WORK INSTRUCTIONS » The answer is the complete listing below, written out again exactly.

◆ ◆ ◆ ◆ ◆ ◆ ◆

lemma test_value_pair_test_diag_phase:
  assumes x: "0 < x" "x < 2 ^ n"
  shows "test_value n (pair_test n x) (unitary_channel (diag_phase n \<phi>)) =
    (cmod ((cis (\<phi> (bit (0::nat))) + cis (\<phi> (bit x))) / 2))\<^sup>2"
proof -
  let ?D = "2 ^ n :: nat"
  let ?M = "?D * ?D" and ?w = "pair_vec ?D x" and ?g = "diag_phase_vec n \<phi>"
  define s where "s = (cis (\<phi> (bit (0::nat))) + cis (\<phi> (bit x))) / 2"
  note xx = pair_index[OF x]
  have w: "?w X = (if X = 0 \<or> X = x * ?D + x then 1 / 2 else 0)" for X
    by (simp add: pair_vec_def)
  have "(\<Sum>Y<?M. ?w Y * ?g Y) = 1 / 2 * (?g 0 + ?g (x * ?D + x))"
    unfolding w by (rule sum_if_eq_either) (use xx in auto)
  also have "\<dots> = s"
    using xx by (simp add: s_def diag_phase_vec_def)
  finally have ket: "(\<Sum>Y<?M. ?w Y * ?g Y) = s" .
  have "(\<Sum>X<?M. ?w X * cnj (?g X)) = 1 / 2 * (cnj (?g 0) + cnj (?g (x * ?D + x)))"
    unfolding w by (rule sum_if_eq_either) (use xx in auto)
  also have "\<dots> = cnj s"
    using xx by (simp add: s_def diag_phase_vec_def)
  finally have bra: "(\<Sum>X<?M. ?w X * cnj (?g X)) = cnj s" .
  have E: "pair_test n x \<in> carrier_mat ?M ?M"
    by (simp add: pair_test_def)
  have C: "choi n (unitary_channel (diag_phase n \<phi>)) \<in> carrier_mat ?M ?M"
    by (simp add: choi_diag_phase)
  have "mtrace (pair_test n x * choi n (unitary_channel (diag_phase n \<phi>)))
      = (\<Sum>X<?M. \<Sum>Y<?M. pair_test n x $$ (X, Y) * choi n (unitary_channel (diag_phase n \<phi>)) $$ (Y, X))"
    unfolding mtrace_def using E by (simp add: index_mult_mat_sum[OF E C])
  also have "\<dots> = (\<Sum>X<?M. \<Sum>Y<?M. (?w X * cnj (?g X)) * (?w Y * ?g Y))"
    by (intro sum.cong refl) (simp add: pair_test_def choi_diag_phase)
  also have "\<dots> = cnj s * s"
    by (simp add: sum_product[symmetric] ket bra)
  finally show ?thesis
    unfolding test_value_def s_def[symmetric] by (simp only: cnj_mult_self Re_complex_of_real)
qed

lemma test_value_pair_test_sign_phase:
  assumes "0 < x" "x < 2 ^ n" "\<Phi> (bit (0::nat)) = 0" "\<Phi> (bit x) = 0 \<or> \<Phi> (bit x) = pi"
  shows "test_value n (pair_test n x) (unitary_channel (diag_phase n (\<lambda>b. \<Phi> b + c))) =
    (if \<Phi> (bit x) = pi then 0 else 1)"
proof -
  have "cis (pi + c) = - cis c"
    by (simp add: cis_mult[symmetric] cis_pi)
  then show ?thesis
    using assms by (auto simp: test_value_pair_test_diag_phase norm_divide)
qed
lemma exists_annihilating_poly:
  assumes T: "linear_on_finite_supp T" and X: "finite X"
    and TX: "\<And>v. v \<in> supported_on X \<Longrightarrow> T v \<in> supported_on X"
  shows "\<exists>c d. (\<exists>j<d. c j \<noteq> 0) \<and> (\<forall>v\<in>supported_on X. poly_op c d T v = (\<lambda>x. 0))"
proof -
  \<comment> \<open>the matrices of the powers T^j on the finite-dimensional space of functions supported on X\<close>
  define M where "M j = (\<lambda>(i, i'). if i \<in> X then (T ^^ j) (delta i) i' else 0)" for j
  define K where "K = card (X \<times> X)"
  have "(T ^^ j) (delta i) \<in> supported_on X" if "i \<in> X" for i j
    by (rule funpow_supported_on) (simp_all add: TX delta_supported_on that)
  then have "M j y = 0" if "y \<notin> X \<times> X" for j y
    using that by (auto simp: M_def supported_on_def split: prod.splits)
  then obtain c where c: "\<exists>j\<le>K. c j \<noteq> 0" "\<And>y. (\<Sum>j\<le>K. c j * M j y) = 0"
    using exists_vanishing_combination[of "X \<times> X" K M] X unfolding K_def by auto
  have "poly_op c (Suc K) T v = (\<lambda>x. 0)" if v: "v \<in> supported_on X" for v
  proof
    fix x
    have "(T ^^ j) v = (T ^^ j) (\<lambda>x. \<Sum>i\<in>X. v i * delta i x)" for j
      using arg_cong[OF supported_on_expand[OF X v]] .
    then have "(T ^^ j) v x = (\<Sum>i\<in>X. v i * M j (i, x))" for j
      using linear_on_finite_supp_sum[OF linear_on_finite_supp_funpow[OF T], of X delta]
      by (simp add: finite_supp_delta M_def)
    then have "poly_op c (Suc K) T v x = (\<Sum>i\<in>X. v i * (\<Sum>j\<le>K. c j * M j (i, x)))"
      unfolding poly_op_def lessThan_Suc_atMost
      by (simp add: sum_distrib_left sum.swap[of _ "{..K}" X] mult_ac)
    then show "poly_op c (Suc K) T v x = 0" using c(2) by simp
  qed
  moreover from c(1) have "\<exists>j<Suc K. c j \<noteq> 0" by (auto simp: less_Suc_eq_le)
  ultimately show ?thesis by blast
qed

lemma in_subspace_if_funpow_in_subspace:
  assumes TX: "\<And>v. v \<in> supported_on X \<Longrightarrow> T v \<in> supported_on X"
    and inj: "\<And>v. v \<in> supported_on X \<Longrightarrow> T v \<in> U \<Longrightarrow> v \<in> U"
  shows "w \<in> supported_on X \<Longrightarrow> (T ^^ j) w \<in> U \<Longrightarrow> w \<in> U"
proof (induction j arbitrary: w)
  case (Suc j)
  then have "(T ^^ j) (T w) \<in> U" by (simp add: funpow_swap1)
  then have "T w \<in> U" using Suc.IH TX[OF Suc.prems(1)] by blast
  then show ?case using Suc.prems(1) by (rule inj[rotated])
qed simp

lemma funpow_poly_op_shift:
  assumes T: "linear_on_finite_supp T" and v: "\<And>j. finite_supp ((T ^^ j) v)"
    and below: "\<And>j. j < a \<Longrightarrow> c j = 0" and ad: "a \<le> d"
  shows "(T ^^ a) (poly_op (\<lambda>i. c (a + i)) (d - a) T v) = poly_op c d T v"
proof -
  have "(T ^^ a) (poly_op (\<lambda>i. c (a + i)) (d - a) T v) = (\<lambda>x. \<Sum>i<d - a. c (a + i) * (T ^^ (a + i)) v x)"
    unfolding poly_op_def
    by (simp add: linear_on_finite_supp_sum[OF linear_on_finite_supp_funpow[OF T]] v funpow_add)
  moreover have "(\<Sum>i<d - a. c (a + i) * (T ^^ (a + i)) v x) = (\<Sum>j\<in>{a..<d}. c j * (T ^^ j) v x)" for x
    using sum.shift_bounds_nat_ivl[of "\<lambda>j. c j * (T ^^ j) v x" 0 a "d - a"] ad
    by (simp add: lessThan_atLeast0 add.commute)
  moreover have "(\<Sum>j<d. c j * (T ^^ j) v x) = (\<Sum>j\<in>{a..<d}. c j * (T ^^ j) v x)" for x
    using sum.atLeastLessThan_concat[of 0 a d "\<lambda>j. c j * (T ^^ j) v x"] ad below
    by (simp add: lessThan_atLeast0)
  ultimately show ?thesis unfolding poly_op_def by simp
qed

◆ ◆ ◆ ◆ ◆ ◆ ◆

OUTPUT FOR THIS TASK »
lemma test_value_pair_test_diag_phase:
  assumes x: "0 < x" "x < 2 ^ n"
  shows "test_value n (pair_test n x) (unitary_channel (diag_phase n \<phi>)) =
    (cmod ((cis (\<phi> (bit (0::nat))) + cis (\<phi> (bit x))) / 2))\<^sup>2"
proof -
  let ?D = "2 ^ n :: nat"
  let ?M = "?D * ?D" and ?w = "pair_vec ?D x" and ?g = "diag_phase_vec n \<phi>"
  define s where "s = (cis (\<phi> (bit (0::nat))) + cis (\<phi> (bit x))) / 2"
  note xx = pair_index[OF x]
  have w: "?w X = (if X = 0 \<or> X = x * ?D + x then 1 / 2 else 0)" for X
    by (simp add: pair_vec_def)
  have "(\<Sum>Y<?M. ?w Y * ?g Y) = 1 / 2 * (?g 0 + ?g (x * ?D + x))"
    unfolding w by (rule sum_if_eq_either) (use xx in auto)
  also have "\<dots> = s"
    using xx by (simp add: s_def diag_phase_vec_def)
  finally have ket: "(\<Sum>Y<?M. ?w Y * ?g Y) = s" .
  have "(\<Sum>X<?M. ?w X * cnj (?g X)) = 1 / 2 * (cnj (?g 0) + cnj (?g (x * ?D + x)))"
    unfolding w by (rule sum_if_eq_either) (use xx in auto)
  also have "\<dots> = cnj s"
    using xx by (simp add: s_def diag_phase_vec_def)
  finally have bra: "(\<Sum>X<?M. ?w X * cnj (?g X)) = cnj s" .
  have E: "pair_test n x \<in> carrier_mat ?M ?M"
    by (simp add: pair_test_def)
  have C: "choi n (unitary_channel (diag_phase n \<phi>)) \<in> carrier_mat ?M ?M"
    by (simp add: choi_diag_phase)
  have "mtrace (pair_test n x * choi n (unitary_channel (diag_phase n \<phi>)))
      = (\<Sum>X<?M. \<Sum>Y<?M. pair_test n x $$ (X, Y) * choi n (unitary_channel (diag_phase n \<phi>)) $$ (Y, X))"
    unfolding mtrace_def using E by (simp add: index_mult_mat_sum[OF E C])
  also have "\<dots> = (\<Sum>X<?M. \<Sum>Y<?M. (?w X * cnj (?g X)) * (?w Y * ?g Y))"
    by (intro sum.cong refl) (simp add: pair_test_def choi_diag_phase)
  also have "\<dots> = cnj s * s"
    by (simp add: sum_product[symmetric] ket bra)
  finally show ?thesis
    unfolding test_value_def s_def[symmetric] by (simp only: cnj_mult_self Re_complex_of_real)
qed

lemma test_value_pair_test_sign_phase:
  assumes "0 < x" "x < 2 ^ n" "\<Phi> (bit (0::nat)) = 0" "\<Phi> (bit x) = 0 \<or> \<Phi> (bit x) = pi"
  shows "test_value n (pair_test n x) (unitary_channel (diag_phase n (\<lambda>b. \<Phi> b + c))) =
    (if \<Phi> (bit x) = pi then 0 else 1)"
proof -
  have "cis (pi + c) = - cis c"
    by (simp add: cis_mult[symmetric] cis_pi)
  then show ?thesis
    using assms by (auto simp: test_value_pair_test_diag_phase norm_divide)
qed
lemma exists_annihilating_poly:
  assumes T: "linear_on_finite_supp T" and X: "finite X"
    and TX: "\<And>v. v \<in> supported_on X \<Longrightarrow> T v \<in> supported_on X"
  shows "\<exists>c d. (\<exists>j<d. c j \<noteq> 0) \<and> (\<forall>v\<in>supported_on X. poly_op c d T v = (\<lambda>x. 0))"
proof -
  \<comment> \<open>the matrices of the powers T^j on the finite-dimensional space of functions supported on X\<close>
  define M where "M j = (\<lambda>(i, i'). if i \<in> X then (T ^^ j) (delta i) i' else 0)" for j
  define K where "K = card (X \<times> X)"
  have "(T ^^ j) (delta i) \<in> supported_on X" if "i \<in> X" for i j
    by (rule funpow_supported_on) (simp_all add: TX delta_supported_on that)
  then have "M j y = 0" if "y \<notin> X \<times> X" for j y
    using that by (auto simp: M_def supported_on_def split: prod.splits)
  then obtain c where c: "\<exists>j\<le>K. c j \<noteq> 0" "\<And>y. (\<Sum>j\<le>K. c j * M j y) = 0"
    using exists_vanishing_combination[of "X \<times> X" K M] X unfolding K_def by auto
  have "poly_op c (Suc K) T v = (\<lambda>x. 0)" if v: "v \<in> supported_on X" for v
  proof
    fix x
    have "(T ^^ j) v = (T ^^ j) (\<lambda>x. \<Sum>i\<in>X. v i * delta i x)" for j
      using arg_cong[OF supported_on_expand[OF X v]] .
    then have "(T ^^ j) v x = (\<Sum>i\<in>X. v i * M j (i, x))" for j
      using linear_on_finite_supp_sum[OF linear_on_finite_supp_funpow[OF T], of X delta]
      by (simp add: finite_supp_delta M_def)
    then have "poly_op c (Suc K) T v x = (\<Sum>i\<in>X. v i * (\<Sum>j\<le>K. c j * M j (i, x)))"
      unfolding poly_op_def lessThan_Suc_atMost
      by (simp add: sum_distrib_left sum.swap[of _ "{..K}" X] mult_ac)
    then show "poly_op c (Suc K) T v x = 0" using c(2) by simp
  qed
  moreover from c(1) have "\<exists>j<Suc K. c j \<noteq> 0" by (auto simp: less_Suc_eq_le)
  ultimately show ?thesis by blast
qed

lemma in_subspace_if_funpow_in_subspace:
  assumes TX: "\<And>v. v \<in> supported_on X \<Longrightarrow> T v \<in> supported_on X"
    and inj: "\<And>v. v \<in> supported_on X \<Longrightarrow> T v \<in> U \<Longrightarrow> v \<in> U"
  shows "w \<in> supported_on X \<Longrightarrow> (T ^^ j) w \<in> U \<Longrightarrow> w \<in> U"
proof (induction j arbitrary: w)
  case (Suc j)
  then have "(T ^^ j) (T w) \<in> U" by (simp add: funpow_swap1)
  then have "T w \<in> U" using Suc.IH TX[OF Suc.prems(1)] by blast
  then show ?case using Suc.prems(1) by (rule inj[rotated])
qed simp

lemma funpow_poly_op_shift:
  assumes T: "linear_on_finite_supp T" and v: "\<And>j. finite_supp ((T ^^ j) v)"
    and below: "\<And>j. j < a \<Longrightarrow> c j = 0" and ad: "a \<le> d"
  shows "(T ^^ a) (poly_op (\<lambda>i. c (a + i)) (d - a) T v) = poly_op c d T v"
proof -
  have "(T ^^ a) (poly_op (\<lambda>i. c (a + i)) (d - a) T v) = (\<lambda>x. \<Sum>i<d - a. c (a + i) * (T ^^ (a + i)) v x)"
    unfolding poly_op_def
    by (simp add: linear_on_finite_supp_sum[OF linear_on_finite_supp_funpow[OF T]] v funpow_add)
  moreover have "(\<Sum>i<d - a. c (a + i) * (T ^^ (a + i)) v x) = (\<Sum>j\<in>{a..<d}. c j * (T ^^ j) v x)" for x
    using sum.shift_bounds_nat_ivl[of "\<lambda>j. c j * (T ^^ j) v x" 0 a "d - a"] ad
    by (simp add: lessThan_atLeast0 add.commute)
  moreover have "(\<Sum>j<d. c j * (T ^^ j) v x) = (\<Sum>j\<in>{a..<d}. c j * (T ^^ j) v x)" for x
    using sum.atLeastLessThan_concat[of 0 a d "\<lambda>j. c j * (T ^^ j) v x"] ad below
    by (simp add: lessThan_atLeast0)
  ultimately show ?thesis unfolding poly_op_def by simp
qed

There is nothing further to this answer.